From: "Maciej S. Szmigiero" <[email protected]>
When multiple VFIO devices are present in a VM the fact that their state
transitions on migration happen sequentially has a visible impact on
migration downtime.
This is because both PRE_COPY -> PRE_COPY_P2P -> STOP_COPY transitions on
the source and RESUMING -> RUNNING_P2P -> RUNNING transitions on the target
happen during the switchover phase.
During this phase the VM is stopped so the downtime is ticking.
These device state transitions are performed by VM state change handlers
registered by the VFIO device migration code.

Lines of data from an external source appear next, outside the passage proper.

definition minimal_partition :: "'a set \<Rightarrow> ('a \<Rightarrow> 'a) set \<Rightarrow> 'a set set \<Rightarrow> bool" where
  "minimal_partition P G Q \<longleftrightarrow> invariant_partition P G Q \<and>
     \<not> (\<exists>D. invariant_partition P G D \<and> nontrivial_partition P D \<and> refines D Q \<and> D \<noteq> Q)"

definition maximal_partition :: "'a set \<Rightarrow> ('a \<Rightarrow> 'a) set \<Rightarrow> 'a set set \<Rightarrow> bool" where
  "maximal_partition P G Q \<longleftrightarrow> invariant_partition P G Q \<and>
     \<not> (\<exists>D. invariant_partition P G D \<and> nontrivial_partition P D \<and> refines Q D \<and> D \<noteq> Q)"

definition transitive_on :: "('a \<Rightarrow> 'a) set \<Rightarrow> 'a set \<Rightarrow> bool" where
  "transitive_on H A \<longleftrightarrow> (\<forall>x\<in>A. \<forall>y\<in>A. \<exists>h\<in>H. h x = y)"

definition minimal_normal :: "'a set \<Rightarrow> ('a \<Rightarrow> 'a) set \<Rightarrow> ('a \<Rightarrow> 'a) set \<Rightarrow> bool" where
  "minimal_normal P H M \<longleftrightarrow> M \<lhd> subgrp P H \<and> M \<noteq> {\<one>\<^bsub>Sym P\<^esub>} \<and>
     \<not> (\<exists>M'. M' \<lhd> subgrp P H \<and> M' \<noteq> {\<one>\<^bsub>Sym P\<^esub>} \<and> M' \<subset> M)"

definition socle :: "'a set \<Rightarrow> ('a \<Rightarrow> 'a) set \<Rightarrow> ('a \<Rightarrow> 'a) set" where
  "socle P H = generate (Sym P) (\<Union>{M. minimal_normal P H M})"

definition centraliser :: "'a set \<Rightarrow> ('a \<Rightarrow> 'a) set \<Rightarrow> ('a \<Rightarrow> 'a) set \<Rightarrow> ('a \<Rightarrow> 'a) set" where
  "centraliser P G H = {g\<in>G. \<forall>h\<in>H. g \<otimes>\<^bsub>Sym P\<^esub> h = h \<otimes>\<^bsub>Sym P\<^esub> g}"

definition abelian_set :: "'a set \<Rightarrow> ('a \<Rightarrow> 'a) set \<Rightarrow> bool" where
  "abelian_set P H \<longleftrightarrow> (\<forall>x\<in>H. \<forall>y\<in>H. x \<otimes>\<^bsub>Sym P\<^esub> y = y \<otimes>\<^bsub>Sym P\<^esub> x)"

definition elementary_abelian :: "'a set \<Rightarrow> ('a \<Rightarrow> 'a) set \<Rightarrow> bool" where
  "elementary_abelian P H \<longleftrightarrow> abelian_set P H \<and>
     (\<exists>p::nat. Factorial_Ring.prime p \<and> (\<forall>x\<in>H. x [^]\<^bsub>Sym P\<^esub> p = \<one>\<^bsub>Sym P\<^esub>))"

end

(* The kernel K of G on the classes is transitive on each class, and by minimality of the block
   system every normal subgroup of G inside K is trivial or transitive on every class: its orbits
   form a G-invariant partition refining the classes.  An abelian group transitive on a class is
   regular there, so whatever commutes with it agrees on that class with one of its elements.
   Applied to Z(K), resp. Z(S), which are nontrivial as soon as C_K(K), resp. C_K(S), is, this
   makes K, resp. S and C_K(S), abelian; taking p-torsion gives exponent p.  The inclusion C_K(S) <= S is complete reducibility: the product over the classes
   of the restrictions of S is generated by minimal K-invariant subgroups, hence so is every
   K-invariant subgroup of it.
   For (c), N meets K trivially, so N and K commute and maximality makes NK transitive; hence N
   meets every class, while minimality forces every class to meet every N-orbit in one point.
   The N-orbits are the required second partition. *)

theory Submission
  imports Defs
begin

section \<open>Invariant subgroups and the socle\<close>

text \<open>\<open>minimal_invariant Gr K K\<close> singles out the minimal normal subgroups of K and
  \<open>invariant_socle Gr K K\<close> is the socle of K (see \<open>socle_eq_invariant_socle\<close>); the set W
  containing the minimal subgroups is a parameter for the complete reducibility argument.\<close>

definition invariant_subgroup :: "('g, 'b) monoid_scheme \<Rightarrow> 'g set \<Rightarrow> 'g set \<Rightarrow> bool" where
  "invariant_subgroup Gr K A \<longleftrightarrow>
     subgroup A Gr \<and> (\<forall>k\<in>K. \<forall>a\<in>A. k \<otimes>\<^bsub>Gr\<^esub> a \<otimes>\<^bsub>Gr\<^esub> inv\<^bsub>Gr\<^esub> k \<in> A)"

definition minimal_invariant :: "('g, 'b) monoid_scheme \<Rightarrow> 'g set \<Rightarrow> 'g set \<Rightarrow> 'g set \<Rightarrow> bool" where
  "minimal_invariant Gr K W T \<longleftrightarrow> invariant_subgroup Gr K T \<and> T \<subseteq> W \<and> T \<noteq> {\<one>\<^bsub>Gr\<^esub>} \<and>
     (\<forall>T'. invariant_subgroup Gr K T' \<longrightarrow> T' \<noteq> {\<one>\<^bsub>Gr\<^esub>} \<longrightarrow> T' \<subseteq> T \<longrightarrow> T' = T)"

definition invariant_socle :: "('g, 'b) monoid_scheme \<Rightarrow> 'g set \<Rightarrow> 'g set \<Rightarrow> 'g set" where
  "invariant_socle Gr K W = generate Gr (\<Union>{T. minimal_invariant Gr K W T})"

context group begin

lemma invariant_subgroupD:
  assumes "invariant_subgroup G K A"
  shows "subgroup A G" "A \<subseteq> carrier G" "\<one> \<in> A"
    and "k \<in> K \<Longrightarrow> a \<in> A \<Longrightarrow> k \<otimes> a \<otimes> inv k \<in> A"
proof -
  show A: "subgroup A G" using assms unfolding invariant_subgroup_def by blast
  show "A \<subseteq> carrier G" using subgroup.subset[OF A] .
  show "\<one> \<in> A" using subgroup.one_closed[OF A] .
  show "k \<in> K \<Longrightarrow> a \<in> A \<Longrightarrow> k \<otimes> a \<otimes> inv k \<in> A"
    using assms unfolding invariant_subgroup_def by blast
qed

lemma minimal_invariantD:
  assumes "minimal_invariant G K W T"
  shows "invariant_subgroup G K T" "T \<subseteq> W" "\<exists>t\<in>T. t \<noteq> \<one>"
proof -
  show T: "invariant_subgroup G K T" using assms unfolding minimal_invariant_def by blast
  show "T \<subseteq> W" using assms unfolding minimal_invariant_def by blast
  have "T \<noteq> {\<one>}" using assms unfolding minimal_invariant_def by blast
  then show "\<exists>t\<in>T. t \<noteq> \<one>" using invariant_subgroupD(3)[OF T] by blast
qed

lemma minimal_invariant_mono:
  "minimal_invariant G K W T \<Longrightarrow> W \<subseteq> W' \<Longrightarrow> minimal_invariant G K W' T"
  unfolding minimal_invariant_def by blast

lemma invariant_subgroup_trivial: "K \<subseteq> carrier G \<Longrightarrow> invariant_subgroup G K {\<one>}"
  unfolding invariant_subgroup_def using triv_subgroup by force

lemma invariant_subgroup_Int:
  "invariant_subgroup G K A \<Longrightarrow> invariant_subgroup G K B \<Longrightarrow> invariant_subgroup G K (A \<inter> B)"
  unfolding invariant_subgroup_def by (auto intro: subgroups_Inter_pair)

lemma invariant_subgroup_generate:
  assumes K: "K \<subseteq> carrier G" and H: "H \<subseteq> carrier G"
    and closed: "\<And>k h. k \<in> K \<Longrightarrow> h \<in> H \<Longrightarrow> k \<otimes> h \<otimes> inv k \<in> H"
  shows "invariant_subgroup G K (generate G H)"
  unfolding invariant_subgroup_def
proof (intro conjI ballI)
  show "subgroup (generate G H) G" using generate_is_subgroup[OF H] .
  fix k h assume k: "k \<in> K" and h: "h \<in> generate G H"
  have kG: "k \<in> carrier G" using k K by auto
  from h show "k \<otimes> h \<otimes> inv k \<in> generate G H"
  proof (induct h rule: generate.induct)
    case one thus ?case using kG generate.one by auto
  next
    case (incl h) show ?case using generate.incl[OF closed[OF k incl]] .
  next
    case (inv h)
    hence "inv (k \<otimes> h \<otimes> inv k) = k \<otimes> inv h \<otimes> inv k"
      using kG H by (auto simp add: inv_mult_group m_assoc)
    thus ?case
      using generate_m_inv_closed[OF H generate.incl[OF closed[OF k inv]]] by simp
  next
    case (eng h1 h2)
    note in_carrier = eng(1,3)[THEN generate_in_carrier[OF H]]
    have "k \<otimes> (h1 \<otimes> h2) \<otimes> inv k = (k \<otimes> h1 \<otimes> inv k) \<otimes> (k \<otimes> h2 \<otimes> inv k)"
      using in_carrier kG by (simp add: inv_solve_left m_assoc)
    thus ?case using generate.eng[OF eng(2,4)] by simp
  qed
qed

lemma minimal_invariant_exists:
  assumes fin: "finite (carrier G)" and W: "invariant_subgroup G K W" "W \<noteq> {\<one>}"
  shows "\<exists>T. minimal_invariant G K W T"
proof -
  let ?Q = "\<lambda>T. invariant_subgroup G K T \<and> T \<noteq> {\<one>} \<and> T \<subseteq> W"
  have "?Q W" using W by blast
  then obtain T where T: "?Q T" and least: "\<And>T'. ?Q T' \<Longrightarrow> card T \<le> card T'"
    using ex_has_least_nat[of ?Q W card] by blast
  have fin_T: "finite T" using finite_subset[OF invariant_subgroupD(2) fin] T by blast
  have "T' = T" if T': "invariant_subgroup G K T'" "T' \<noteq> {\<one>}" "T' \<subseteq> T" for T'
  proof -
    have "card T \<le> card T'" using least[of T'] T' T by blast
    then have "card T' = card T" using card_mono[OF fin_T T'(3)] by linarith
    then show ?thesis using card_subset_eq[OF fin_T T'(3)] by blast
  qed
  then have "minimal_invariant G K W T" unfolding minimal_invariant_def using T by blast
  then show ?thesis ..
qed

lemma minimal_invariant_subset_socle:
  "minimal_invariant G K W T \<Longrightarrow> T \<subseteq> invariant_socle G K W"
  unfolding invariant_socle_def by (blast intro: generate.incl)

lemma invariant_socle_subset:
  assumes "subgroup W G" shows "invariant_socle G K W \<subseteq> W"
  unfolding invariant_socle_def
  by (rule generate_subgroup_incl[OF _ assms]) (auto simp: minimal_invariant_def)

Instead of performing such state transition synchronously launch a thread
performing the state change in parallel with other VFIO devices and other
VM state change handlers at the particular VFIO device qdev tree depth.

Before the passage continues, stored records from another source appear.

inductive typed :: "name set \<Rightarrow> proc \<Rightarrow> bool" ("_ \<turnstile> _" [50, 50] 50) where
  t_nil: "{} \<turnstile> Nil"
| t_par: "\<rho>1 \<turnstile> P \<Longrightarrow> \<rho>2 \<turnstile> Q \<Longrightarrow> \<rho>1 \<union> \<rho>2 \<turnstile> Par P Q"
| t_res: "\<rho> \<turnstile> P \<Longrightarrow> a \<notin> \<rho> \<Longrightarrow> \<rho> \<turnstile> Res a P"
| t_auth: "\<rho> \<turnstile> P \<Longrightarrow> \<rho> - {a} \<turnstile> Auth a P"
| t_out: "\<rho> \<turnstile> P \<Longrightarrow> insert a \<rho> \<turnstile> Pre (Out a b) P"
| t_in: "\<rho> \<turnstile> P \<Longrightarrow> x \<notin> \<rho> \<Longrightarrow> insert a \<rho> \<turnstile> Pre (In a x) P"
| t_aout: "\<rho> \<turnstile> P \<Longrightarrow> b \<notin> \<rho> \<Longrightarrow> \<rho> \<union> {a, b} \<turnstile> Pre (AOut a b) P"
| t_ain: "\<rho> \<turnstile> P \<Longrightarrow> insert a (\<rho> - {b}) \<turnstile> Pre (AIn a b) P"

end

theory Submission
  imports Defs
begin

text \<open>Assign to every process the number of authorizations on each name that it still needs
  from its context, or nothing when a binder captures a name that is still needed. A prefix on
  \<open>a\<close> needs \<open>a\<close>, sending an authorization for \<open>b\<close> needs one more \<open>b\<close>, while a scope \<open>(a)\<close> or a
  received authorization discharges one. Structural congruence preserves this need, reduction
  can only decrease it, and a process typed under the empty set needs nothing. So every
  reachable process needs nothing, whereas an error exposes a prefix whose positive need no
  scope of its active context discharges.\<close>

definition require :: "name \<Rightarrow> (name \<Rightarrow> nat) \<Rightarrow> name \<Rightarrow> nat" where
  "require a r = r(a := max (r a) 1)"

definition grant :: "name \<Rightarrow> (name \<Rightarrow> nat) \<Rightarrow> name \<Rightarrow> nat" where
  "grant a r = r(a := r a - 1)"

definition spend :: "name \<Rightarrow> (name \<Rightarrow> nat) \<Rightarrow> name \<Rightarrow> nat" where
  "spend a r = r(a := Suc (r a))"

Only wait for this thread to finish *after* all other handlers at this
tree depth finish doing their jobs.
To implement the above allow adjustment of priority for VM state change
handlers - specifically allow registering qdev VM state change handlers
below and above the normal priority level for the registering device qdev
tree depth, but still properly ordered with respect to handlers
registered at other tree depths.
This way these state transitions can happen in parallel not only with
respect to other VFIO device instances but also ordinary (serialized)

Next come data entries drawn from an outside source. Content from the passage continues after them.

(* Let $S$ be an additively reduced semidomain and $G$ a torsion-free abelian group. Let $f=\sum_{i=0}^n s_ix^{g_i}\in S[G]$ with $g_0>g_1>\dots>g_n$ and $s_i\in S\setminus\{0\}$. Then: (1) if $|\operatorname{supp}(f)|\ge2$ and $2g_{n-1}>g_0+g_n$, then $f$ is monolithic; (2) if $|\operatorname{supp}(f)|>3$ and $2g_{n-1}\ge g_0+g_n$, then $f$ is monolithic.
   Context: A semidomain is a subsemiring (containing $0$ and $1$) of an integral domain. $S$ is additively reduced if $0$ is the only invertible element of $(S,+)$. $G$ carries a fixed total order compatible with addition. $S[G]$ is the semidomain of formal finite sums $\sum_{g\in G}s_gx^g$ with polynomial operations; $\operatorname{supp}(f)$ is the set of exponents with nonzero coefficient. A nonzero $f\in S[G]$ is monolithic if whenever $f=pq$ with $p,q\in S[G]$, one of $p,q$ is a monomial $sx^g$. *)

theory Defs
  imports "HOL-Library.Poly_Mapping"
begin

definition semidomain :: "'a::idom set \<Rightarrow> bool" where
  "semidomain S \<longleftrightarrow> 0 \<in> S \<and> 1 \<in> S \<and>
     (\<forall>x\<in>S. \<forall>y\<in>S. x + y \<in> S \<and> x * y \<in> S)"

definition add_reduced :: "'a::idom set \<Rightarrow> bool" where
  "add_reduced S \<longleftrightarrow> (\<forall>x\<in>S. (\<exists>y\<in>S. x + y = 0) \<longrightarrow> x = 0)"

text \<open>The semigroup semiring S[G]: finitely supported functions G \<Rightarrow> S,
with convolution product (from Poly_Mapping).\<close>
definition semigroup_semiring :: "'a::idom set \<Rightarrow> ('g::ab_group_add \<Rightarrow>\<^sub>0 'a) set" where
  "semigroup_semiring S = {f. \<forall>g. Poly_Mapping.lookup f g \<in> S}"

definition is_monomial :: "'a::idom set \<Rightarrow> ('g::ab_group_add \<Rightarrow>\<^sub>0 'a) \<Rightarrow> bool" where
  "is_monomial S p \<longleftrightarrow> (\<exists>s\<in>S. \<exists>g. p = Poly_Mapping.single g s)"

definition monolithic :: "'a::idom set \<Rightarrow> ('g::ab_group_add \<Rightarrow>\<^sub>0 'a) \<Rightarrow> bool" where
  "monolithic S f \<longleftrightarrow> f \<noteq> 0 \<and>
     (\<forall>p\<in>semigroup_semiring S. \<forall>q\<in>semigroup_semiring S.
        f = p * q \<longrightarrow> is_monomial S p \<or> is_monomial S q)"

end

theory Submission
  imports Defs "HOL-Library.Set_Algebras"
begin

handlers for other devices at this qdev tree depth.
Downtime results:
4 VFs 2 VFs 1 VF
Disabled: 1385 ms 758 ms 497 ms
Enabled: 986 ms 653 ms 493 ms
IMPROVEMENT: ~29 % ~14 % ~0 %
Test VM shape:
vCPU 12 cores x 2 threads, 15 GiB RAM.
VFIO devices in the source and target machine:
Mellanox ConnectX-7 with 100GbE link and ~100 MiB of device state per VF.
Maciej S. Szmigiero (2):
system/runstate: Allow adjustment of priority for VM state change
handlers
vfio/migration: Parallelize device state transitions
hw/core/vm-change-state-handler.c | 22 ++--
hw/vfio/migration.c | 174 ++++++++++++++++++++++++++++--
hw/vfio/pci.c | 2 +
hw/vfio/vfio-migration-internal.h | 4 +-
include/hw/vfio/vfio-device.h | 1 +
include/system/runstate.h | 2 +-
6 files changed, 189 insertions(+), 16 deletions(-)